***** The records *****

lemma L2_set_eq_Lp_set:
  assumes "\<And>i. i \<in> A \<Longrightarrow> 0 \<le> f i"
  shows "L2_set f A = Lp_set 2 f A"
  using assms by (simp add: L2_set_def Lp_set_def powr_half_sqrt sum_nonneg)

lemma bernoulli_inequality_powr:
  fixes t u :: real
  assumes "1 \<le> t" "0 \<le> u"
  shows "1 + t * (u - 1) \<le> u powr t"
proof (cases "u = 0")
  case False
  then have "t * (u - 1) \<le> u powr t - 1 powr t"
    using assms
    by (intro convex_on_imp_above_tangent[where A = "{0<..}", OF powr_convex[OF assms(1)]])
      (auto intro!: derivative_eq_intros simp: interior_open)
  then show ?thesis
    by simp
qed (use assms in simp)

text \<open>The power mean inequality. Normalise the $r$-th powers to have mean $m$ and apply the
  tangent line bound of $u \mapsto u^{s/r}$ at $u = 1$.\<close>

lemma card_mult_mean_powr_le_sum_powr:
  fixes f :: "'a \<Rightarrow> real"
  assumes A: "finite A" "A \<noteq> {}" and f: "\<And>i. i \<in> A \<Longrightarrow> 0 \<le> f i" and rs: "0 < r" "r \<le> s"
  shows "real (card A) * ((\<Sum>i\<in>A. f i powr r) / card A) powr (s / r) \<le> (\<Sum>i\<in>A. f i powr s)"
proof (cases "(\<Sum>i\<in>A. f i powr r) = 0")
  case True
  then show ?thesis
    by (simp add: sum_nonneg)
next
  case False
  define N where "N = real (card A)"
  define R where "R = (\<Sum>i\<in>A. f i powr r)"
  define m where "m = R / N"
  define t where "t = s / r"
  have N: "N > 0"
    using A by (simp add: N_def card_gt_0_iff)
  have R: "R > 0"
    using False by (simp add: R_def sum_nonneg order.strict_iff_order)
  then have m: "m > 0"
    using N by (simp add: m_def)
  have "(\<Sum>i\<in>A. f i powr r / m) = R / m"
    by (simp only: R_def sum_divide_distrib)
  also have "\<dots> = N"
    using N R by (simp add: m_def)
  finally have "N = (\<Sum>i\<in>A. 1 + t * (f i powr r / m - 1))"
    by (simp add: sum.distrib sum_subtractf sum_distrib_left[symmetric] N_def)
  also have "\<dots> \<le> (\<Sum>i\<in>A. (f i powr r / m) powr t)"
    using m rs by (intro sum_mono bernoulli_inequality_powr) (auto simp: t_def)
  also have "\<dots> = (\<Sum>i\<in>A. f i powr s) / m powr t"
    using f m rs by (simp add: sum_divide_distrib powr_divide powr_powr t_def)
  finally have "N * m powr t \<le> (\<Sum>i\<in>A. f i powr s)"
    using m by (simp add: pos_le_divide_eq)
  then show ?thesis
    by (simp add: N_def m_def R_def t_def)
qed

*****

## [Exercise directions]
Lines above that include the string "fixes" need to be copied.

## [Output]
  fixes t u :: real
  fixes f :: "'a \<Rightarrow> real"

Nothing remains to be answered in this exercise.